3 thoughts on “We must do more for women entrepreneurs

  1. Personally I’m all for men and women trying “different” jobs. Not least because it would be good to see more men in Health, Teaching, Law etc. But surely this sort of thing undermines the whole thing. Not long ago the Institute for Management reminded us that women managers and executives lacked confidence and weren’t assertive and found it hard to put in the hours. Here we are again with much the same. This seeking additional help simply repeats and repeats that women lack the qualities necessary in a competitive world . Given that there aren’t a vast army of executives or entrepreneurs quite possibly many men don’t have the necessary qualities either. But one would be laughed at to suggest additional support for unassertive, unconfident, part time men. Because it would look like a bad investment. Which of course the other feature of female own businesses in general, that they are single person and designed to offer flexible time off is well attested by the data and indicates that investment won’t grow the business and add jobs or production to the nation’s climb out of the recession. As a tax payer I’d want my taxes invested wisely for me and the nation., on businesses with leadership and potential whatever the genitalia of the owner. This report suggest all women owned businesses are a bad bet.

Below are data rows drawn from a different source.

lemma mod_add_right_cancel_nat:
  fixes e e' w n :: nat
  assumes "(e + w) mod n = (e' + w) mod n" "e < n" "e' < n"
  shows "e = e'"
proof -
  have "(int e + int w) mod int n = (int e' + int w) mod int n"
    using assms(1) by (simp flip: of_nat_add of_nat_mod)
  then have "(int e + int w + - int w) mod int n = (int e' + int w + - int w) mod int n"
    by (rule mod_add_cong) simp
  then have "int e mod int n = int e' mod int n"
    by simp
  then show ?thesis
    using assms(2,3) by (simp flip: of_nat_mod)
qed

lemma sigma_aug_inj_on:
  assumes i: "1 \<le> i" "Suc i \<le> n"
  shows "inj_on (sigma_aug n i) (aug_trees n)"
proof
  fix x y assume x: "x \<in> aug_trees n" and y: "y \<in> aug_trees n" and eq: "sigma_aug n i x = sigma_aug n i y"
  obtain p e where xe: "x = (p, e mod n)" "is_tree n p" "e < n"
    using x by (rule aug_trees_cases)
  obtain p' e' where ye: "y = (p', e' mod n)" "is_tree n p'" "e' < n"
    using y by (rule aug_trees_cases)
  have "move 0 i (Suc i) p = move 0 i (Suc i) p'"
    using eq i xe(2) ye(2) unfolding xe(1) ye(1) by (simp add: sigma_aug_mod sigma_eq_move)
  then have "p = p'"
    using i by (intro move_inj_on_trees[OF xe(2) ye(2), of i "Suc i"]) auto
  then have "(e + step_weight n p i) mod n = (e' + step_weight n p i) mod n"
    using eq i xe(2) unfolding xe(1) ye(1) by (simp add: sigma_aug_mod)
  then have "e = e'"
    using xe(3) ye(3) by (rule mod_add_right_cancel_nat)
  then show "x = y"
    using xe(1) ye(1) \<open>p = p'\<close> by simp
qed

  2. Agreed. Not only Preference Theory but also women’s gender-typical risk aversion comes into play. I believe women ‘entrepreneurs’ are invariably first in line for taxpayer-funded government loans i.e. men (who pay 72% of income tax in the UK) pick up the tab when the women fail, and if the women succeed, the women reap the rewards. One way or another men pay, and women are the beneficiaries.

  3. If someone is setting up in business in order to secure a “better work/life balance” then she – because it inevitably is a woman – is not prepared to work the hours and in the location that would make her employable by a third party, even a public sector organisation.
    This next observation is really maybe one for The Conservative Woman, but failing public services = women working part time or “flexibly”. I use the inverted commas since they are rigid in their requirements of an employer, and it is why local authorities and NHS Trusts rely so heavily on temps.
    Very often the agency temp is the only person working full time in the office. The employees are on parental leave, having a carer’s break, taking a flexi-day or off sick. Something happens that suddenly requires long hours to be put in immediately. Your flexible employee says, “I have to pick up my child, so I’m still leaving at three”. The agency temp does the job and it’s £500 +VAT. But it’s worth every penny.
    As a result service managers are desperate to get these “flexible” workers out of their lives, and a hobby business or Etsy shop seems the way to do it. And this is why the female businesses fail. It’s Preference Theory again, entrepreneurship is as hard work as a career job and 6/7 women aren’t prepared to put the graft in.